- Title frame
- Directed by: Guy L. Coté
- Written by: Guy L. Coté; Gilbert Choquette [fr];
- Produced by: Guy L. Coté; Nicholas Balla (Executive producer);
- Narrated by: Budd Knapp
- Cinematography: Reginald Morris
- Edited by: Guy L. Coté
- Production company: National Film Board of Canada
- Distributed by: Canadian Broadcasting Corporation; National Film Board of Canada;
- Release date: 1958; (broadcast date)
- Running time: 18 minutes, 27 seconds
- Country: Canada
- Language: English

= Industrial Canada =

Industrial Canada is a 1958 18-minute Canadian short National Film Board of Canada (NFB) documentary film produced, directed and edited by Guy L. Coté for the Canadian Broadcasting Corporation (CBC) television series, as part of the postwar Canada Carries On series. Industrial Canada documents the industrial development of Canada during the mid-1950s. The film's French version title is Le Canada industriel.

== Synopsis ==
In the short span of 50 years, Canada has transformed from a primarily agricultural economy to a nation increasingly reliant on an industrial base. Throughout the 20th Century, more than half of the population was involved in agrarian activities and rural life, with numerous small towns and villages spread across the country.

The traditional way of life based on back-breaking toil and skills passed on through the generations to provide for food and necessities was changing.
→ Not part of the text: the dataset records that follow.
text \<open>Here \<open>k\<close> counts the heavy nodes of \<open>\<pi>(s,t)\<close> and \<open>K\<close> their neighbours.\<close>

lemma miss_probability_le:
  fixes n k K :: nat
  assumes n: "n \<ge> 2" and k: "real (mu n) ^ 3 / real n < real k" and K: "k * mu n \<le> 3 * K"
  shows "(1 - sample1_prob n) ^ K \<le> 1 / real n ^ 3"
proof -
  define m where "m = real (mu n)"
  have npos: "real n > 0" and lnpos: "ln (real n) > 0" using n by auto
  have m5: "m ^ 5 \<ge> real n ^ 2 * ln (real n)" using mu_pow_5_ge[OF n] unfolding m_def .
  moreover have "real n ^ 2 * ln (real n) > 0" using npos lnpos by simp
  ultimately have mpos: "m > 0" unfolding m_def by (cases "mu n") auto
  have "real (k * mu n) \<le> real (3 * K)" using K by (rule of_nat_mono)
  then have "real K \<ge> real k * m / 3" unfolding m_def by simp
  moreover have "real k * m / 3 > m ^ 4 / (3 * real n)"
    using k mpos npos unfolding m_def by (simp add: field_simps power_def)
  ultimately have K_gt: "real K > m ^ 4 / (3 * real n)" by linarith
  show ?thesis
  proof (cases "9 * m / real n \<ge> 1")
    case True
    have "m ^ 4 / (3 * real n) \<ge> 0" using mpos npos by simp
    then have "K > 0" using K_gt by linarith
    then show ?thesis using True unfolding m_def sample1_prob_def by (simp add: zero_power)
  next
    case False
    define r where "r = 9 * m / real n"
    have r: "0 \<le> r" "r < 1" using False mpos npos unfolding r_def by auto
    have "(1 - r) ^ K \<le> exp (- r) ^ K"
      using r exp_ge_add_one_self[of "- r"] by (intro power_mono) auto
    also have "\<dots> = exp (- (r * real K))" by (simp add: exp_of_nat_mult[symmetric] mult.commute)
    also have "\<dots> \<le> exp (- (3 * ln (real n)))"
    proof -
      have "r * real K \<ge> r * (m ^ 4 / (3 * real n))" using K_gt r by (intro mult_left_mono) auto
      also have "r * (m ^ 4 / (3 * real n)) = 3 * m ^ 5 / real n ^ 2"
        unfolding r_def using npos by (simp add: field_simps power_def)
      also have "3 * m ^ 5 / real n ^ 2 \<ge> 3 * ln (real n)"
        using m5 npos by (simp add: field_simps)
      finally show ?thesis by simp
    qed
    also have "\<dots> = 1 / real n ^ 3"
    proof -
      have "3 * ln (real n) = ln (real n ^ 3)" using npos by (simp add: ln_realpow)
      then show ?thesis using npos by (simp add: exp_minus inverse_eq_divide)
    qed
    finally show ?thesis using r unfolding r_def m_def sample1_prob_def by simp
  qed
qed

theorem lemma6:
  fixes V :: "'a set" and E :: "'a set set" and \<pi> :: "'a \<Rightarrow> 'a \<Rightarrow> 'a list"
    and Hc :: "'a set \<Rightarrow> 'a set \<Rightarrow> 'a set set" and s t :: 'a
  assumes "simple_graph V E"
    and "connected_graph V E"
    and "canonical_sp V E \<pi>"
    and "\<forall>S1 S2. S1 \<subseteq> V \<and> S2 \<subseteq> V \<longrightarrow> construction V E \<pi> S1 S2 (Hc S1 S2)"
    and "s \<in> V" and "t \<in> V"
    and "real (card {v \<in> set (\<pi> s t). heavy V E v}) > real (mu (card V)) ^ 3 / real (card V)"
  shows "measure_pmf.prob (samples V)
           {(S1, S2). uncovered E (Hc S1 S2) s \<and> uncovered E (Hc S1 S2) t \<longrightarrow>
                      dist V (Hc S1 S2) s t \<le> dist V E s t + 4}
         \<ge> 1 - 1 / real (card V) ^ 3"
proof (cases "card V \<ge> 2")
  case True
  note G = assms(1) and cs = assms(3) and st = assms(5,6)
  define W where "W = {v \<in> set (\<pi> s t). heavy V E v}"
  define N where "N = {u. \<exists>w\<in>W. {u, w} \<in> E}"
  have finV: "finite V" and NV: "N \<subseteq> V"
    using G simple_graph_edge_in_V[OF G] unfolding simple_graph_def N_def by blast+
  have "card W * mu (card V) \<le> 3 * card N"
    unfolding N_def using canonical_sp_shortest_walk(1)[OF cs st]
    by (rule shortest_walk_card_neighbourhood_ge[OF G]) (auto simp: W_def heavy_def)
  then have miss: "(1 - sample1_prob (card V)) ^ card N \<le> 1 / real (card V) ^ 3"
    using miss_probability_le True assms(7) unfolding W_def by blast
  have "dist V (Hc S1 S2) s t \<le> dist V E s t + 4"
    if S: "S1 \<subseteq> V" "S2 \<subseteq> V" and hit: "S1 \<inter> N \<noteq> {}" for S1 S2
  proof -
    obtain x w where "x \<in> S1" "x \<in> N" "w \<in> W" "{x, w} \<in> E" using hit unfolding N_def by blast
    then have "dist V (Hc S1 S2) s t \<le> dist V E s t + 2"
      using construction_dist_le_if_neighbour_sampled[OF cs st] assms(4) S NV unfolding W_def by blast
    also have "\<dots> \<le> dist V E s t + 4" by (simp add: numeral_eq_enat add_left_mono)
    finally show ?thesis .
  qed
  then show ?thesis
    by (intro order.trans[OF _ prob_samples_ge_if_first_hits[OF finV NV]]) (use miss in auto)
next
  case False
  then have "card V = 1" using assms(5,6) card_0_eq assms(1) unfolding simple_graph_def by fastforce
  then show ?thesis by simp
qed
An increased demand for commodities resulted in the adoption of mechanization, the assembly line and mass production. As industries began to compete with agriculture, more of a reliance on factories and cities began to change the Canadian landscape.

Canada is rich in natural resources with an abundance of raw materials necessary for industrial development. Minerals such as asbestos, iron, uranium, nickel, copper, gold and zinc were available for both export and domestic use. With the availability of vast reservoirs of water to create hydro-electric power and the "black gold" of coal mines, basic metals can be produced, such as aluminum.
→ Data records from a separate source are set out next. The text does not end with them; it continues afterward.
lemma nn_integral_Theta_diff_indep:
  fixes X Y :: "'b \<Rightarrow> 'a::euclidean_space"
  assumes "prob_space M" "sym_levy_measure \<rho>" and indep: "prob_space.indep_var M borel X borel Y"
  shows "(\<integral>\<^sup>+ \<omega>. Theta \<rho> (X \<omega> - Y \<omega>) \<partial>M)
    = (\<integral>\<^sup>+ r. ennreal (1 - Re (charf (law M X) r * cnj (charf (law M Y) r))) \<partial>\<rho>)"
proof -
  have [measurable]: "X \<in> borel_measurable M" "Y \<in> borel_measurable M"
    using prob_space.indep_var_rv1[OF assms(1) indep] prob_space.indep_var_rv2[OF assms(1) indep] by auto
  show ?thesis
    using assms by (simp add: nn_integral_Theta_distr charf_distr_diff_indep)
qed

lemma indep_copy_marginals:
  fixes U V U' V' :: "'b \<Rightarrow> 'a::euclidean_space"
  assumes "prob_space M"
    and [measurable]: "U \<in> borel_measurable M" "V \<in> borel_measurable M"
      "U' \<in> borel_measurable M" "V' \<in> borel_measurable M"
    and law_eq: "distr M (borel \<Otimes>\<^sub>M borel) (\<lambda>\<omega>. (U' \<omega>, V' \<omega>)) = distr M (borel \<Otimes>\<^sub>M borel) (\<lambda>\<omega>. (U \<omega>, V \<omega>))"
    and indep: "prob_space.indep_var M (borel \<Otimes>\<^sub>M borel) (\<lambda>\<omega>. (U \<omega>, V \<omega>)) (borel \<Otimes>\<^sub>M borel) (\<lambda>\<omega>. (U' \<omega>, V' \<omega>))"
  shows "law M U' = law M U" "law M V' = law M V"
    and "prob_space.indep_var M borel U borel U'" "prob_space.indep_var M borel V borel V'"
      "prob_space.indep_var M borel U borel V'"
proof -
  interpret prob_space M by fact
  have marginals: "law M X = distr (distr M (borel \<Otimes>\<^sub>M borel) (\<lambda>\<omega>. (X \<omega>, Y \<omega>))) borel fst"
      "law M Y = distr (distr M (borel \<Otimes>\<^sub>M borel) (\<lambda>\<omega>. (X \<omega>, Y \<omega>))) borel snd"
    if [measurable]: "X \<in> borel_measurable M" "Y \<in> borel_measurable M" for X Y :: "'b \<Rightarrow> 'a"
    by (subst distr_distr; simp add: comp_def)+
  show "law M U' = law M U" "law M V' = law M V"
    using marginals[of U V] marginals[of U' V'] law_eq by simp_all
  show "indep_var borel U borel U'" "indep_var borel V borel V'" "indep_var borel U borel V'"
    using indep_var_compose[unfolded comp_def, OF indep, of fst borel fst borel]
      indep_var_compose[unfolded comp_def, OF indep, of snd borel snd borel]
      indep_var_compose[unfolded comp_def, OF indep, of fst borel snd borel]
    by simp_all
qed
When war came to Canada in the 1940s, massive engineering and manufacturing centres were created to produce the weapons of war from detonator caps to four-engined bombers. Industrial production was greatly increased with the addition of many new mines and smelters in the most northerly regions of the Canadian Shield, with new communities built around them.

Building on the industrial progress of wartime, in a postwar world, Canadian factories and manufacturing plants were able to pivot to new products and industries, such as the design of commercial and military aircraft, creating atomic power plants and introducing "electronic" brains to business applications. New discoveries of oil in the Canadian prairies led to the development of a petrochemical industry. Technological advances led to an industrial sector able to handle all aspects of production of many "made in Canada" products.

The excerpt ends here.